[Dataset entries]
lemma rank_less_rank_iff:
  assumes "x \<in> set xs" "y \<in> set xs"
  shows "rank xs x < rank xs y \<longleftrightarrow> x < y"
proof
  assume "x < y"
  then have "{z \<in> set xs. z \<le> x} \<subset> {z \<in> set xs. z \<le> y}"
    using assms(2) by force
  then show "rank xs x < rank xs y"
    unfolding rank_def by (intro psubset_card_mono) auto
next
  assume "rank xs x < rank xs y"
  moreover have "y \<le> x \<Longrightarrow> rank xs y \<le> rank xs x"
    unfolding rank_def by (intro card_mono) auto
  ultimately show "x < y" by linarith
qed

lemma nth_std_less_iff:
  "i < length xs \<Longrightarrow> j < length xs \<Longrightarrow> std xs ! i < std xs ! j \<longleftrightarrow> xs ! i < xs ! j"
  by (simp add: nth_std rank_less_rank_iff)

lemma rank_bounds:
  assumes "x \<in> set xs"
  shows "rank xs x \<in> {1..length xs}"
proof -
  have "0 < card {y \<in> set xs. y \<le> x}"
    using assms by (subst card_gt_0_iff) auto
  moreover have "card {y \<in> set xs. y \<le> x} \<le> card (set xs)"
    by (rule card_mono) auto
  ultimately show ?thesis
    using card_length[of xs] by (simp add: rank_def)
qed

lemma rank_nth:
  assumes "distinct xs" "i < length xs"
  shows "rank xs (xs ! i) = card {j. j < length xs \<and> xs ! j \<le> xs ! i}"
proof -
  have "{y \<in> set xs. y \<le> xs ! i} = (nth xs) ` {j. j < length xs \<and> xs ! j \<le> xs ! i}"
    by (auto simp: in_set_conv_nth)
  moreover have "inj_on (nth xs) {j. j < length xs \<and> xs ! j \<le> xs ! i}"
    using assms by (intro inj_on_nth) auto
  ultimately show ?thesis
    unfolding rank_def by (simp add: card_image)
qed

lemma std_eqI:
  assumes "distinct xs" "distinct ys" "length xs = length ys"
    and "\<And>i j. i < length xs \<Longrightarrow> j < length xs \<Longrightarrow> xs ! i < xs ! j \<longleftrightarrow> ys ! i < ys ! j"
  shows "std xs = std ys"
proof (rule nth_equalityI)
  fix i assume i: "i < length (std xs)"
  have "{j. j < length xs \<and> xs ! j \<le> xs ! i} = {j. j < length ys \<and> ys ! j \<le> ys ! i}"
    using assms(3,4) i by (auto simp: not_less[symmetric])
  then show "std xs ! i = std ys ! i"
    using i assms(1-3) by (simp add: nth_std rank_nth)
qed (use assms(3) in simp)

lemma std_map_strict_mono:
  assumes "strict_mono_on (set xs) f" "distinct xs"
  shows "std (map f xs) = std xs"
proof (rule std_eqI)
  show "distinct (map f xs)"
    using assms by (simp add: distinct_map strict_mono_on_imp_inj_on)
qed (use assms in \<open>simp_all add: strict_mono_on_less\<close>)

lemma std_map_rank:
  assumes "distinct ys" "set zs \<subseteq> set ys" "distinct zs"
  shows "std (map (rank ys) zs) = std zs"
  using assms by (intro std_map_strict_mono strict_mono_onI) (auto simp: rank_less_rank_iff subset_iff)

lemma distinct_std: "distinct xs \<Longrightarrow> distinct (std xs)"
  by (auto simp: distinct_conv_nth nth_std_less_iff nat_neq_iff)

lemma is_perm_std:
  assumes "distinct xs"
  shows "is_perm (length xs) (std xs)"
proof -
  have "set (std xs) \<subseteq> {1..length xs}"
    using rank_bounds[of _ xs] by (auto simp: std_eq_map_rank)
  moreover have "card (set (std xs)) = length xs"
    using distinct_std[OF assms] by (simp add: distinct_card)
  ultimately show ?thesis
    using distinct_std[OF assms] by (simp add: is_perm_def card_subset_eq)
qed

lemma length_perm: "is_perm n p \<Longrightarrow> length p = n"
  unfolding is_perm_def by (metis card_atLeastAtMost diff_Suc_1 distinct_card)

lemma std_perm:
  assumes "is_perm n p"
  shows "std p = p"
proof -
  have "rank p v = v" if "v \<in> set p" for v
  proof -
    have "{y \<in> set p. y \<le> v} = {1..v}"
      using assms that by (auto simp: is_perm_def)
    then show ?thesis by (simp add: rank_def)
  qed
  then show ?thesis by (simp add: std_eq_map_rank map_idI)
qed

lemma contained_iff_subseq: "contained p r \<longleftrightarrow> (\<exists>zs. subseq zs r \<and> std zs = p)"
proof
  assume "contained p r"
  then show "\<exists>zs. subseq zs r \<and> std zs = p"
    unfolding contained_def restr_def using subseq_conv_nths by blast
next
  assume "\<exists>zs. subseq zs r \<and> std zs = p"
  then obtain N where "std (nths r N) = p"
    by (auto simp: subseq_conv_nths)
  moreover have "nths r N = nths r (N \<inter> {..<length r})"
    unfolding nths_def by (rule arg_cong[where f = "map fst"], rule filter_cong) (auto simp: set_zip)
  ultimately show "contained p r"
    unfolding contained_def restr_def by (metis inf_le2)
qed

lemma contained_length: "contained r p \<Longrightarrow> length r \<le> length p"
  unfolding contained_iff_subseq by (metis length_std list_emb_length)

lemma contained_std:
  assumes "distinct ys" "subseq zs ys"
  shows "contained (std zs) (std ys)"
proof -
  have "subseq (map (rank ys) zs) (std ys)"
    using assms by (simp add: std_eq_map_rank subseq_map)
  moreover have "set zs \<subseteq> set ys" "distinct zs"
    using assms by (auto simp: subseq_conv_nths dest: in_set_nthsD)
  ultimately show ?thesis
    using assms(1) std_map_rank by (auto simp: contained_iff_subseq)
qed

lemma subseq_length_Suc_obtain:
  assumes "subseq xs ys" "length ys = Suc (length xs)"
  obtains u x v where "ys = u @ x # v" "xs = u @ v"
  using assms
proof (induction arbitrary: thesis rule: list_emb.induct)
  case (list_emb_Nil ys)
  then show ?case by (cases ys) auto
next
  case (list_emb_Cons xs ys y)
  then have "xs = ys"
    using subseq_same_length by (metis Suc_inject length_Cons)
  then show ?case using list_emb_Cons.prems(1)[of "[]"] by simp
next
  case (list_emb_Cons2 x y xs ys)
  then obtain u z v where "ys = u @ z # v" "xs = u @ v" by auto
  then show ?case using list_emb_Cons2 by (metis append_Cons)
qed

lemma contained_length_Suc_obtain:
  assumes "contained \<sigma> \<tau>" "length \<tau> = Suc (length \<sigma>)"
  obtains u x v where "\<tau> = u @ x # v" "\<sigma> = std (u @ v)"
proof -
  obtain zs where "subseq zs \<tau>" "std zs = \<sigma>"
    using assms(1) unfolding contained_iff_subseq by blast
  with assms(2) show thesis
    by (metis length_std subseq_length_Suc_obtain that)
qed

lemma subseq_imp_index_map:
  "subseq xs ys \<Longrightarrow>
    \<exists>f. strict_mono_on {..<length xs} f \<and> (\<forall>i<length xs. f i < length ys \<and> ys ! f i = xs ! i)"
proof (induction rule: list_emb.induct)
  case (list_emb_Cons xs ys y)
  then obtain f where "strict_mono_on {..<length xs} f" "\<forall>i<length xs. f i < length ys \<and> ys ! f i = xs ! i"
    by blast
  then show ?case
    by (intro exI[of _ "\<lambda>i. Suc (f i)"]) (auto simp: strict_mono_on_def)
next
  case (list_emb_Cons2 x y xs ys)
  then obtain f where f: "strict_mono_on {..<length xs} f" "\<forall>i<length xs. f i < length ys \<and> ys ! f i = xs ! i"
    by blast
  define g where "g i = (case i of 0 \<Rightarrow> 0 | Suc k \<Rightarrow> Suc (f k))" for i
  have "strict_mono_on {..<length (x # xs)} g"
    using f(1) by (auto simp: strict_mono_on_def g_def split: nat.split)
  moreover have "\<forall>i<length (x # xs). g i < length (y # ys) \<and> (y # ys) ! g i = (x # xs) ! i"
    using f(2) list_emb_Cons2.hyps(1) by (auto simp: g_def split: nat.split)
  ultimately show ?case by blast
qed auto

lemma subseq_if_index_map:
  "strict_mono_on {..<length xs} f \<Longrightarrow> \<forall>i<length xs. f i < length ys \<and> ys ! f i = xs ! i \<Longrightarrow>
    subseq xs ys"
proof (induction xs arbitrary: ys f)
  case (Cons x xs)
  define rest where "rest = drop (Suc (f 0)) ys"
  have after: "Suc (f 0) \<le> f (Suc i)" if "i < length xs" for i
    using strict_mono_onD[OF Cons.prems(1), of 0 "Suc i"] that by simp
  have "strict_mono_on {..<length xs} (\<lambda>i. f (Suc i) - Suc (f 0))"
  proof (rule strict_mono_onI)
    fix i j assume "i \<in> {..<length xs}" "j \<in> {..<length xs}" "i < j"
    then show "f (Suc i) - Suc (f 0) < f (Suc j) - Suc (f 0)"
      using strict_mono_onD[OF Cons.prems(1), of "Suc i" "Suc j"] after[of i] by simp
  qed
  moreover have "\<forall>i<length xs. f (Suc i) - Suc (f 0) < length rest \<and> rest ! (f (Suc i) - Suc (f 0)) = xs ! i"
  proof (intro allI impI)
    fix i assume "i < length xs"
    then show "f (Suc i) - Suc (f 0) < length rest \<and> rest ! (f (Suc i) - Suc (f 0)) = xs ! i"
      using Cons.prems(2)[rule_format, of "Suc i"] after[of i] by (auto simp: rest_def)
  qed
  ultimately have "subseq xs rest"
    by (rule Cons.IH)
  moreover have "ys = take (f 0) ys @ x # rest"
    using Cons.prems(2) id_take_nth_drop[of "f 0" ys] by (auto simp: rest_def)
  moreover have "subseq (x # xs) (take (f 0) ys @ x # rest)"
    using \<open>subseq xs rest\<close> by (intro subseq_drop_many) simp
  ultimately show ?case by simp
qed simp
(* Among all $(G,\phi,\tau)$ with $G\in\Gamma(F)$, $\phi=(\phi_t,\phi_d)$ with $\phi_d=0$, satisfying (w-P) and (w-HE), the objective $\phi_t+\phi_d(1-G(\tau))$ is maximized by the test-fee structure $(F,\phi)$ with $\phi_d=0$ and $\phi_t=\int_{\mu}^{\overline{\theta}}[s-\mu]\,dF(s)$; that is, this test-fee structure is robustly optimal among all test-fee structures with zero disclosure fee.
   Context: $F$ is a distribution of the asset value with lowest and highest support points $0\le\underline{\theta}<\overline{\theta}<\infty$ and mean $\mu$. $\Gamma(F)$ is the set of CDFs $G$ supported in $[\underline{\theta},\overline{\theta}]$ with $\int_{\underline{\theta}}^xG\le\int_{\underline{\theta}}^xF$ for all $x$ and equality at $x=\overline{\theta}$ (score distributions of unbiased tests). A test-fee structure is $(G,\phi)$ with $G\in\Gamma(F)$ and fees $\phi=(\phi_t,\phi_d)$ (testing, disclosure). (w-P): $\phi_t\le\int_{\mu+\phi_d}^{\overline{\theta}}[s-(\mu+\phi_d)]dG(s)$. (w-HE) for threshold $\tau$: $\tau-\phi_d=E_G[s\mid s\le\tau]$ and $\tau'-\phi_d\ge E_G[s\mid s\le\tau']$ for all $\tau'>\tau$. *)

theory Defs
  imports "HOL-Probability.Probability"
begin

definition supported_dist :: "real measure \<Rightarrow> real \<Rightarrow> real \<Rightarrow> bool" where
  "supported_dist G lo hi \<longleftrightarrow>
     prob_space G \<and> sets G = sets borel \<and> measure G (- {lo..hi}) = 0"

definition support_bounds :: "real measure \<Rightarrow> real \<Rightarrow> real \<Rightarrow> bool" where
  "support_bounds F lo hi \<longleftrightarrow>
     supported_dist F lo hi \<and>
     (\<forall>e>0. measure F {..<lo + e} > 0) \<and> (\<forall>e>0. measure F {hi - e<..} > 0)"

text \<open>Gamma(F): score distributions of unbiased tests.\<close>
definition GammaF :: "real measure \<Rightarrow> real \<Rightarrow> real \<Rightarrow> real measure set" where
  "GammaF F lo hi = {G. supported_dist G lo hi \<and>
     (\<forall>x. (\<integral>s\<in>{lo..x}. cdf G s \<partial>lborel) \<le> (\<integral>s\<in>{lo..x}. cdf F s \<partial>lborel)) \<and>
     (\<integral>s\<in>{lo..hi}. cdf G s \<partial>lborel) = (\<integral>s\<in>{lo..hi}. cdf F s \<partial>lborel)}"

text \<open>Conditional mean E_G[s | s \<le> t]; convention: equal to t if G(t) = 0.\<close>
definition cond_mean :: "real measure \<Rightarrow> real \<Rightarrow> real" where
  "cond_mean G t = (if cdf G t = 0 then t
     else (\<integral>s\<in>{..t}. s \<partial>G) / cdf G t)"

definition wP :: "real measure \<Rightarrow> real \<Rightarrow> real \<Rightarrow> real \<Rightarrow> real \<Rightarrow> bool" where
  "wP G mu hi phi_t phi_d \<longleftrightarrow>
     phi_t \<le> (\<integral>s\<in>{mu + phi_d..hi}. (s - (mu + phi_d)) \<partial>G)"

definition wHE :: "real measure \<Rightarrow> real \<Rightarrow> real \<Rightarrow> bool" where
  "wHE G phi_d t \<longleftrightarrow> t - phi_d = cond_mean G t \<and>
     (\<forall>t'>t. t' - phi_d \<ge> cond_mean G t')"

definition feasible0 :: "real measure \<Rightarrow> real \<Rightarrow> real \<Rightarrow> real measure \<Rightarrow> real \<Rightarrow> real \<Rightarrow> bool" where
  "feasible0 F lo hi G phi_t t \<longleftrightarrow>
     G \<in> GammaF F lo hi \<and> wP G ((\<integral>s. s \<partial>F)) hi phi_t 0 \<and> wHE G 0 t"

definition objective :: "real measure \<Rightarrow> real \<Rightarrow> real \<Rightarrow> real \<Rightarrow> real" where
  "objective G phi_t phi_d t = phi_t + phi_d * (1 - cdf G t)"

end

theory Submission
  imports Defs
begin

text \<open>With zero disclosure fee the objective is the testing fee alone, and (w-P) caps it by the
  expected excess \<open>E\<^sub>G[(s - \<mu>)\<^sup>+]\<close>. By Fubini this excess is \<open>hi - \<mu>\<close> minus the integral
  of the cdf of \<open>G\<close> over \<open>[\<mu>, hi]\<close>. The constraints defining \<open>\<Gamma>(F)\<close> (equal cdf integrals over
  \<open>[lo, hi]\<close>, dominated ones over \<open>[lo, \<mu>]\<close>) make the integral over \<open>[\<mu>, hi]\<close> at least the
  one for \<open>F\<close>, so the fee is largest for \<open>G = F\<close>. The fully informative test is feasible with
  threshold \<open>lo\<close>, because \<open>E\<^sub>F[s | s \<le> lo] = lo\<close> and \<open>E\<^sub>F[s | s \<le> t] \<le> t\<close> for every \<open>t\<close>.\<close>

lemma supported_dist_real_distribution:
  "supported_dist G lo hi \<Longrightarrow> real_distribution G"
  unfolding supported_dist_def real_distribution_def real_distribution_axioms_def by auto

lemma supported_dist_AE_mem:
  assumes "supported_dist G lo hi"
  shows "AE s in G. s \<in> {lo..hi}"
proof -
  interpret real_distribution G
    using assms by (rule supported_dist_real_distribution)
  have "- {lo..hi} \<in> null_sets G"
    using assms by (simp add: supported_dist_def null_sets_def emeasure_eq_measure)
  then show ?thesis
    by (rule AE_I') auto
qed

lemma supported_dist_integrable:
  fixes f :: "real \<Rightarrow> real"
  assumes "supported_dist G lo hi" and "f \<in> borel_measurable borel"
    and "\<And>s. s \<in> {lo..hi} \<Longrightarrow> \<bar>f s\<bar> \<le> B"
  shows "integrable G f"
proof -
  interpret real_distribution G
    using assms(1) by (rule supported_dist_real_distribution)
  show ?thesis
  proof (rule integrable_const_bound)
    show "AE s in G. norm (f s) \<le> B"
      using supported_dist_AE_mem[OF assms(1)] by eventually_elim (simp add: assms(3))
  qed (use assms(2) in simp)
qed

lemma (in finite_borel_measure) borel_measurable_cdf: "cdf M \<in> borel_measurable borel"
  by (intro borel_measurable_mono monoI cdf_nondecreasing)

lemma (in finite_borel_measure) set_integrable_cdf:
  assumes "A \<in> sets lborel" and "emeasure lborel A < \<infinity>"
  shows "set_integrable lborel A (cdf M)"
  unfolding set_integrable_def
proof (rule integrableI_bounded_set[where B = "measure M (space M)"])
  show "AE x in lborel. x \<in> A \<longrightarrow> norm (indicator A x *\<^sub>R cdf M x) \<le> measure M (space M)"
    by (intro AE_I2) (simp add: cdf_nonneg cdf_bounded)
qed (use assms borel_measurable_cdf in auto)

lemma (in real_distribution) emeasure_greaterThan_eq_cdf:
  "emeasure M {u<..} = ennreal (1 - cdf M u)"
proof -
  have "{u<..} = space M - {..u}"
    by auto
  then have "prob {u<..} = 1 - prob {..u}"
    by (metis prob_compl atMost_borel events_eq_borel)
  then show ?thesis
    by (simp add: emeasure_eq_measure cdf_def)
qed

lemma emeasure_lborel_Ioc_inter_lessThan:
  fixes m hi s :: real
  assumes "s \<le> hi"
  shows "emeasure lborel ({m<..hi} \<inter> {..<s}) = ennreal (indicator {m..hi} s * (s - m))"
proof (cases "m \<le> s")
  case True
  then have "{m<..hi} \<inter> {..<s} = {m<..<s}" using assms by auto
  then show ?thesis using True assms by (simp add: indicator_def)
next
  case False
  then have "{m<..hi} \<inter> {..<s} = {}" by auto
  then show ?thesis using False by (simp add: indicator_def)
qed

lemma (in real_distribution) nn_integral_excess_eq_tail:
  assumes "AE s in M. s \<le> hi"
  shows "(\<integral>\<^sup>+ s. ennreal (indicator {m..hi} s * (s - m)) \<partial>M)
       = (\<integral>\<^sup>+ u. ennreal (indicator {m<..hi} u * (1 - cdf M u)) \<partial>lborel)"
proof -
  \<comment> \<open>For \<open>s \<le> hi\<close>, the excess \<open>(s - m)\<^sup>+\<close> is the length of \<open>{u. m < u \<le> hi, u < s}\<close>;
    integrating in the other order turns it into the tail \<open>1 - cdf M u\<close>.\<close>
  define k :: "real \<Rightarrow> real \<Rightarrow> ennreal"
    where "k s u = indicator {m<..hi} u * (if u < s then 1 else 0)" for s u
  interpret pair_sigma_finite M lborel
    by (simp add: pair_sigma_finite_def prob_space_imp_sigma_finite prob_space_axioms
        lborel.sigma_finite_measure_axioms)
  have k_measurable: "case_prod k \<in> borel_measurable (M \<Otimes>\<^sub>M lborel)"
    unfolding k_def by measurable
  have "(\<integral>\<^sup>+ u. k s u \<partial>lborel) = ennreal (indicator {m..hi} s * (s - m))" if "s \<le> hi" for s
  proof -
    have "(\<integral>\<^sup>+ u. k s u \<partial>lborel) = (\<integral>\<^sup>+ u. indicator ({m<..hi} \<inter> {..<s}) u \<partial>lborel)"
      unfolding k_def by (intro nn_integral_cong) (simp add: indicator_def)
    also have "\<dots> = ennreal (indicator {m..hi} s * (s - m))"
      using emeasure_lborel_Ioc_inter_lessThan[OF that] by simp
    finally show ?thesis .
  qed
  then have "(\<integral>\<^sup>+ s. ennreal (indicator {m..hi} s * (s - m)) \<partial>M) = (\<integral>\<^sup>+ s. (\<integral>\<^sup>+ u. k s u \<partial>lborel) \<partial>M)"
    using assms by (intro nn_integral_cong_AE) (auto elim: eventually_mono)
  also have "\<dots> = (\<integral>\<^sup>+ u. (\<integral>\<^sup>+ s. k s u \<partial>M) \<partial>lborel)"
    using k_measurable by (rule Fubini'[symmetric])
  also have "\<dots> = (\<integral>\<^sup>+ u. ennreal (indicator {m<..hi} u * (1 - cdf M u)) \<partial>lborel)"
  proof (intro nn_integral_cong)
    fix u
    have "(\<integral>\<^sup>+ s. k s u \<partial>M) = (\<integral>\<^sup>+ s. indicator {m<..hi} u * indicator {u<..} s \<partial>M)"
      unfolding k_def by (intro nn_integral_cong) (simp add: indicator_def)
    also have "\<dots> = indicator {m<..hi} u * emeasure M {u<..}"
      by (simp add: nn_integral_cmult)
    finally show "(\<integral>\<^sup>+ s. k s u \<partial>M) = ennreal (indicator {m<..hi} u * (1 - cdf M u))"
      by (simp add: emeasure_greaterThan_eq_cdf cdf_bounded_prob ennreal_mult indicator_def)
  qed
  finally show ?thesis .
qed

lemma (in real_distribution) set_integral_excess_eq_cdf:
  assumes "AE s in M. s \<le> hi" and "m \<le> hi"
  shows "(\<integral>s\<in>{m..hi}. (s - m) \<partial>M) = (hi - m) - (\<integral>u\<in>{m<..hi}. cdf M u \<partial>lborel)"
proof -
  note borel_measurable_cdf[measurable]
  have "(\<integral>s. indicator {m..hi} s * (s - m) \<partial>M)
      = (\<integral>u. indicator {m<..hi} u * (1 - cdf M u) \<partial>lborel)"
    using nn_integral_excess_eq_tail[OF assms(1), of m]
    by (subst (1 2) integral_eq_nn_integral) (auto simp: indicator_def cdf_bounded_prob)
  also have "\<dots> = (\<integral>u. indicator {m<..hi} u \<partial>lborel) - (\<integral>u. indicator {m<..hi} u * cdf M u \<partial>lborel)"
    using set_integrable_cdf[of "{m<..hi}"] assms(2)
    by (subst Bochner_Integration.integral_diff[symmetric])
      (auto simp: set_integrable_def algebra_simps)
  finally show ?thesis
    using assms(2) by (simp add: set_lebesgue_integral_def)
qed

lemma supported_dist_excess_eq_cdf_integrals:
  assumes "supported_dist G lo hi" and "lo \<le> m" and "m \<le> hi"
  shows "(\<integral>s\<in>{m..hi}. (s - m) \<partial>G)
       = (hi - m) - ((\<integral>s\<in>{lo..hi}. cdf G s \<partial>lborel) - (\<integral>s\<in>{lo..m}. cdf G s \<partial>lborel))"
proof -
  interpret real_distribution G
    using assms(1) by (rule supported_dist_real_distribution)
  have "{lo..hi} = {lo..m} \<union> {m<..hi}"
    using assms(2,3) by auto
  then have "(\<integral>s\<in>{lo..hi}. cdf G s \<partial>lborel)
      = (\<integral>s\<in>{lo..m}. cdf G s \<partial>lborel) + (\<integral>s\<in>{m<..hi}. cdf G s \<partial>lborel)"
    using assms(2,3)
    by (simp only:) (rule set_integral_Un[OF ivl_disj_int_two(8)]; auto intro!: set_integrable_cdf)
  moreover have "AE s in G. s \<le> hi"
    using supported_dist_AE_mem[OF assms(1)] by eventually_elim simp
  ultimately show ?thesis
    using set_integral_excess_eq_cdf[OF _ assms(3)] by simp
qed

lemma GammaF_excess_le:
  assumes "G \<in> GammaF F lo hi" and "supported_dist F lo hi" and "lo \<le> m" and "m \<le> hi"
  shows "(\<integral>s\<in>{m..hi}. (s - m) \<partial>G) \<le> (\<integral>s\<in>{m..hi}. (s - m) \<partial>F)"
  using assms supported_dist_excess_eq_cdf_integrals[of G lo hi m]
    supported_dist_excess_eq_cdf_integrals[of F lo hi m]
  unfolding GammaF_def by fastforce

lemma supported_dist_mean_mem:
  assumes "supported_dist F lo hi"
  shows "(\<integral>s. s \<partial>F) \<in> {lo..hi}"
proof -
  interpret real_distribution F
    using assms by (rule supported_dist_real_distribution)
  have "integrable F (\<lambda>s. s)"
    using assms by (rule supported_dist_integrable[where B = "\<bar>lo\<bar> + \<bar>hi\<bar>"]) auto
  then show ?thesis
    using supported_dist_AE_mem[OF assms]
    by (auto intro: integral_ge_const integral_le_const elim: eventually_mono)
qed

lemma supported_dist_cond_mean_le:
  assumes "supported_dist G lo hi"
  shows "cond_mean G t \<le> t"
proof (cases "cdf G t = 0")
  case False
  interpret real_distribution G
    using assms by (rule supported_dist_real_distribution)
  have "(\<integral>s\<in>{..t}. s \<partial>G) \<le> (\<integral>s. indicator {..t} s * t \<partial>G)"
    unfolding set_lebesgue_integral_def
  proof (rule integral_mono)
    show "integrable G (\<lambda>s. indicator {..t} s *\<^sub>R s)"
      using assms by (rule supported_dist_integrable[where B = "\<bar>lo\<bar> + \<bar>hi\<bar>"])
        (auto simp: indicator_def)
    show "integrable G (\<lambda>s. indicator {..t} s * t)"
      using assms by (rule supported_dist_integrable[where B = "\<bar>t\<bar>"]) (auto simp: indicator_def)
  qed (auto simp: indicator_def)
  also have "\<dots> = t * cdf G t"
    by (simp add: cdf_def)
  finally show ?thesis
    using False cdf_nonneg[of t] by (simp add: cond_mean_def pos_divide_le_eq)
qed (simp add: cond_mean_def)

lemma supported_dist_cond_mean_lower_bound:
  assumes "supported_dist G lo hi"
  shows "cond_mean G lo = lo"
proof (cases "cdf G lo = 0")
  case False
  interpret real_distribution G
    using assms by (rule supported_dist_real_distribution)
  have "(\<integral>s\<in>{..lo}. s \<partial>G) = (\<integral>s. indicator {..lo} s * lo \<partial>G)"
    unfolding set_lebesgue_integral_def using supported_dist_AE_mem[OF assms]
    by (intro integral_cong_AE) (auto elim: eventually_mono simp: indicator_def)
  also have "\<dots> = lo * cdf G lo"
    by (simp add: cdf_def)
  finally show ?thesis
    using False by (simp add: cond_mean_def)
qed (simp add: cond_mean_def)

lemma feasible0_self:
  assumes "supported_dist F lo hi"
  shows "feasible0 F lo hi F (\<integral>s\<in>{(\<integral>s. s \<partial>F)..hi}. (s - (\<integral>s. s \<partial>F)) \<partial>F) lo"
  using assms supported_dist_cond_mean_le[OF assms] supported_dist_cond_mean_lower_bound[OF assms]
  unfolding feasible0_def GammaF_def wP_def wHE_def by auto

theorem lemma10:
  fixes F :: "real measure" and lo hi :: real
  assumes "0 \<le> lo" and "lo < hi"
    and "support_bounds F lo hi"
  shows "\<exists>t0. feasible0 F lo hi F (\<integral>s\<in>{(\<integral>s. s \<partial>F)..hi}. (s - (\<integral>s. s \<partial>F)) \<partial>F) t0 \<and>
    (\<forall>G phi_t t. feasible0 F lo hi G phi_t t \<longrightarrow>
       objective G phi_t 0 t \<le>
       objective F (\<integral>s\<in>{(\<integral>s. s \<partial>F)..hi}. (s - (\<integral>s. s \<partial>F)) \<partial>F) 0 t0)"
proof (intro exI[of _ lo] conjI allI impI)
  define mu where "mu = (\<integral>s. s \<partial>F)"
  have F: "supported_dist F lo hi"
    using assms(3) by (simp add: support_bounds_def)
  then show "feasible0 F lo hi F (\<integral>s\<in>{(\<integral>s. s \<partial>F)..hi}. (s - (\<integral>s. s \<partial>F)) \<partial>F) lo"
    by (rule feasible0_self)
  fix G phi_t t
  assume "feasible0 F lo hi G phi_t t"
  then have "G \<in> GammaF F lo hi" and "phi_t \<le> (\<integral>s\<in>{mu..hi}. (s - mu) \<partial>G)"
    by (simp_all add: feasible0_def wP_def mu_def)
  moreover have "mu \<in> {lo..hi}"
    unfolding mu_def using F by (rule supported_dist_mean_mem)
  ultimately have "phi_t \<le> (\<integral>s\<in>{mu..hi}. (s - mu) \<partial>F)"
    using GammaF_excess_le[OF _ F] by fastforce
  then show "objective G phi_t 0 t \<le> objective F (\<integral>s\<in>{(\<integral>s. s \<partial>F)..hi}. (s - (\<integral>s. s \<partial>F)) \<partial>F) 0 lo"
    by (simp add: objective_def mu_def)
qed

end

Task to complete:
Look back at the data above. Transcribe exactly the lines starting at the line that contains "by (rule Cons.IH)" and ending at the line that contains "0) \<and> (\<forall>e>0.".

Problem solution:
    by (rule Cons.IH)
  moreover have "ys = take (f 0) ys @ x # rest"
    using Cons.prems(2) id_take_nth_drop[of "f 0" ys] by (auto simp: rest_def)
  moreover have "subseq (x # xs) (take (f 0) ys @ x # rest)"
    using \<open>subseq xs rest\<close> by (intro subseq_drop_many) simp
  ultimately show ?case by simp
qed simp
(* Among all $(G,\phi,\tau)$ with $G\in\Gamma(F)$, $\phi=(\phi_t,\phi_d)$ with $\phi_d=0$, satisfying (w-P) and (w-HE), the objective $\phi_t+\phi_d(1-G(\tau))$ is maximized by the test-fee structure $(F,\phi)$ with $\phi_d=0$ and $\phi_t=\int_{\mu}^{\overline{\theta}}[s-\mu]\,dF(s)$; that is, this test-fee structure is robustly optimal among all test-fee structures with zero disclosure fee.
   Context: $F$ is a distribution of the asset value with lowest and highest support points $0\le\underline{\theta}<\overline{\theta}<\infty$ and mean $\mu$. $\Gamma(F)$ is the set of CDFs $G$ supported in $[\underline{\theta},\overline{\theta}]$ with $\int_{\underline{\theta}}^xG\le\int_{\underline{\theta}}^xF$ for all $x$ and equality at $x=\overline{\theta}$ (score distributions of unbiased tests). A test-fee structure is $(G,\phi)$ with $G\in\Gamma(F)$ and fees $\phi=(\phi_t,\phi_d)$ (testing, disclosure). (w-P): $\phi_t\le\int_{\mu+\phi_d}^{\overline{\theta}}[s-(\mu+\phi_d)]dG(s)$. (w-HE) for threshold $\tau$: $\tau-\phi_d=E_G[s\mid s\le\tau]$ and $\tau'-\phi_d\ge E_G[s\mid s\le\tau']$ for all $\tau'>\tau$. *)

theory Defs
  imports "HOL-Probability.Probability"
begin

definition supported_dist :: "real measure \<Rightarrow> real \<Rightarrow> real \<Rightarrow> bool" where
  "supported_dist G lo hi \<longleftrightarrow>
     prob_space G \<and> sets G = sets borel \<and> measure G (- {lo..hi}) = 0"

definition support_bounds :: "real measure \<Rightarrow> real \<Rightarrow> real \<Rightarrow> bool" where
  "support_bounds F lo hi \<longleftrightarrow>
     supported_dist F lo hi \<and>
     (\<forall>e>0. measure F {..<lo + e} > 0) \<and> (\<forall>e>0. measure F {hi - e<..} > 0)"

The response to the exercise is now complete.